4 things Andy Sipowicz taught me about being a beat cop
NYPD Blue offers some solid advice and some that doesn’t work so well in practice — I think most can agree that these four points are solid advice for any LEO
As a Canadian youngster working toward a career in law enforcement, I knew that the closest I’d get to being on big American police department would be watching one on TV. Natural, I fell in love with some of the cop shows set in big cities like New York and Los Angeles
But my favorite cop show was — and still is — NYPD Blue. I loved the characters, especially the flawed anti-hero, Andy Sipowicz. There are a lot of things Sipowicz did on TV that just don’t work in the real world. But on one episode, that fictional character passed along some valuable lessons — the four things you need to know to be a beat cop — which I’d like to pass along here. Those things are:
1.) The people
A Good TV “War Story”
Andy Sipowicz’s “four things you need to know to be a beat cop” is a good war story.
In the episode entitled “We waz robbed,” Andy taught his formerly estranged son about being a cop. Junior received his lessons over a lunch of sandwiches eaten in a car, stakeout style, and the conversation went thusly:
Andy: OK. You’re eatin’ your sandwich, you’ve got company, the weather’s fine, it’s the perfect time to tune out the job.
Andy Junior: Yeah.
Andy: But you don’t want to tune it out, ‘cause there’s too much you’ve got to learn. Here’s a story about being a uniformed cop. Years ago, it’s midnight, me and my partner [are] a couple of blocks from the precinct house, when I see two big Cadillacs turn into an alley. Cadillacs, I’m thinkin’ maybe they’re mob guys. So we get out, go into the alley, see what’s goin’ on. Well the Cadillacs are gone, but I keep on walkin’ and pretty soon I see two guys come out of a back door, and one of them’s got a machine gun. So I yell to my partner, “Hey, we got a guy back here with a machine gun!” I didn’t know he could move so fast. He runs behind a telephone pole, and I’m standing in the door with my gun pointed at the guy with the machine gun.
Junior: What’s goin’ on with that?
Andy: The building was a toy factory that made toy machine guns, and one of the guys was takin’ one home to his kid. I don’t think he knew how close I come to me shootin’ him.
Junior: But you didn’t.
Andy: I could’ve, and it would’ve been off not being prepared. This was my beat, and I should’ve known about the toy factory and what kinda toys they made, and knowing that, I shoulda figured, it’s midnight, graveyard shift is just getting off. I didn’t put it all together. So I came this close to shooting that man. People, places, the things they do, the times they do them. Say that.
Junior: People, places, the things they do, the times they do them.
Andy: A beat cop knows those four things, he’s ready to do his job... You’ll be OK.
From NYPD Blue to the Canadian Prairie
Because those four points have stuck in my brain, I’ve been able to intervene in drug deals, thefts, attempted assaults, and many other criminal acts while they were in their early stages, not after the incident took place.

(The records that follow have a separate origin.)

lemma homogeneous_supported_sum_zero:
  assumes r: "r \<in> G \<gamma>" and "\<gamma> \<notin> P" and "r \<in> supported_sums P"
  shows "r = 0"
proof -
  obtain S c where S: "r = (\<Sum>\<delta>\<in>S. c \<delta>)" "finite S" "S \<subseteq> P" "\<forall>\<delta>. c \<delta> \<in> G \<delta>"
    using assms(3) unfolding supported_sums_def by blast
  define c' where "c' \<delta> = (if \<delta> \<in> S then c \<delta> else 0)" for \<delta>
  define single where "single \<delta> = (if \<delta> = \<gamma> then r else 0)" for \<delta>
  have support: "(\<Sum>\<delta>\<in>{\<delta>. d \<delta> \<noteq> 0}. d \<delta>) = (\<Sum>\<delta>\<in>T. d \<delta>)" "finite {\<delta>. d \<delta> \<noteq> 0}"
    if "finite T" "{\<delta>. d \<delta> \<noteq> 0} \<subseteq> T" for d :: "('i \<Rightarrow> int) \<Rightarrow> 'g" and T
    using that by (auto intro: sum.mono_neutral_left finite_subset)
  have "{\<delta>. c' \<delta> \<noteq> 0} \<subseteq> S" "{\<delta>. single \<delta> \<noteq> 0} \<subseteq> {\<gamma>}"
    by (auto simp: c'_def single_def)
  then have "finite {\<delta>. c' \<delta> \<noteq> 0} \<and> (\<forall>\<delta>. c' \<delta> \<in> G \<delta>) \<and> r = (\<Sum>\<delta>\<in>{\<delta>. c' \<delta> \<noteq> 0}. c' \<delta>)"
    and "finite {\<delta>. single \<delta> \<noteq> 0} \<and> (\<forall>\<delta>. single \<delta> \<in> G \<delta>) \<and> r = (\<Sum>\<delta>\<in>{\<delta>. single \<delta> \<noteq> 0}. single \<delta>)"
    using support[of S c'] support[of "{\<gamma>}" single] S r
    by (simp_all add: c'_def single_def subspace_0[OF G_subspace])
  then have "c' = single"
    using grading unfolding lie_grading_def by blast
  then show "r = 0"
    using \<open>\<gamma> \<notin> P\<close> \<open>S \<subseteq> P\<close> by (metis c'_def single_def subsetD)
qed

lemma homogeneous_in_span_of_other_degrees:
  "r \<in> G \<gamma> \<Longrightarrow> \<gamma> \<notin> P \<Longrightarrow> r \<in> span (\<Union>\<delta>\<in>P. G \<delta>) \<Longrightarrow> r = 0"
  using homogeneous_supported_sum_zero span_graded_subset_supported_sums by blast

lemma ad_iter_homogeneous:
  assumes "\<And>m. E m \<in> G (dg m)" and "\<And>x d. (x, d) \<in> X \<Longrightarrow> x \<in> G d"
    and "ad_iter E dg X v \<delta>"
  shows "v \<in> G \<delta>"
  using assms(3) by induction (use assms(1,2) bracket_degree in blast)+

abbreviation pos_word :: "'g \<Rightarrow> ('i \<Rightarrow> int) \<Rightarrow> bool" where
  "pos_word \<equiv> ad_iter e simple_root (range (\<lambda>m. (e m, simple_root m)))"

abbreviation neg_word :: "'g \<Rightarrow> ('i \<Rightarrow> int) \<Rightarrow> bool" where
  "neg_word \<equiv> ad_iter f neg_simple_root (range (\<lambda>m. (f m, neg_simple_root m)))"

lemma pos_word_degree: "pos_word v \<delta> \<Longrightarrow> v \<in> G \<delta>"
  by (rule ad_iter_homogeneous) (auto simp: e_degree)

lemma neg_word_degree: "neg_word v \<delta> \<Longrightarrow> v \<in> G \<delta>"
  by (rule ad_iter_homogeneous) (auto simp: f_degree)

lemma pos_word_nonneg: "pos_word v \<delta> \<Longrightarrow> 0 \<le> \<delta> t"
  by (rule ad_iter_degree_invariant[where Q = "\<lambda>d. 0 \<le> d t"])
    (auto simp: deg_add_def simple_root_def)

lemma neg_word_nonpos: "neg_word v \<delta> \<Longrightarrow> \<delta> t \<le> 0"
  by (rule ad_iter_degree_invariant[where Q = "\<lambda>d. d t \<le> 0"])
    (auto simp: deg_add_def deg_smul_def simple_root_def)

lemma span_words_UNIV: "span (ad_words e simple_root \<union> H \<union> ad_words f neg_simple_root) = UNIV"
proof (rule triangular_span_UNIV[OF generated H_subspace H_abelian])
  show "\<exists>c. b h (e m) = s c (e m)" if "h \<in> H" for h m
    using bracket_H_e[OF that] by blast
  show "\<exists>c. b h (f m) = s c (f m)" if "h \<in> H" for h m
    using bracket_H_f[OF that] by blast
  show "b (e m) (f n) \<in> H" for m n
    by (simp add: bracket_e_f hh_in_H subspace_0[OF H_subspace])
qed

lemma words_split_by_degree:
  assumes "0 < \<gamma> k"
  shows "ad_words e simple_root \<union> H \<union> ad_words f neg_simple_root
    \<subseteq> {v. pos_word v \<gamma>} \<union> (\<Union>\<delta>\<in>{\<delta>. \<delta> \<noteq> \<gamma>}. G \<delta>)"
proof
  fix v assume "v \<in> ad_words e simple_root \<union> H \<union> ad_words f neg_simple_root"
  then consider \<delta> where "pos_word v \<delta>" | "v \<in> H" | \<delta> where "neg_word v \<delta>"
    unfolding ad_closure_def by blast
  then show "v \<in> {v. pos_word v \<gamma>} \<union> (\<Union>\<delta>\<in>{\<delta>. \<delta> \<noteq> \<gamma>}. G \<delta>)"
  proof cases
    case (1 \<delta>)
    then show ?thesis using pos_word_degree by (cases "\<delta> = \<gamma>") auto
  next
    case 2
    have "(\<lambda>_. 0) \<noteq> \<gamma>" using assms by auto
    then show ?thesis using 2 H_degree_zero by (intro UnI2 UN_I[of "\<lambda>_. 0"]) auto
  next
    case (3 \<delta>)
    then have "\<delta> \<noteq> \<gamma>" using neg_word_nonpos[of v \<delta> k] assms by auto
    then show ?thesis using neg_word_degree[OF 3] by (intro UnI2 UN_I[of \<delta>]) auto
  qed
qed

In my opinion, those four points are as good for detecting and interdicting terror attacks as they are for detecting and interdicting crime.
I’ve attended the ILEETA conference for the last three years, and this year, one of the sessions I attended was Counterterrorism for Patrol Officers (Instructor), presented by Kevin Gors of Seal-Mar and John Wiseman, co-author of the popular Rogue Warrior novels.
Gors said that because of our knowledge of our patrol areas, police officers can prevent not just terror attacks, but also criminal events (which terror acts also are).
That’s when I heard the voice of that gruff, jaded, old detective say, “People, places, the things they do, and the times they do them.”
Fine advice for any cop — whether a fictional NYPD Detective or a traffic cop out on the Canadian prairie.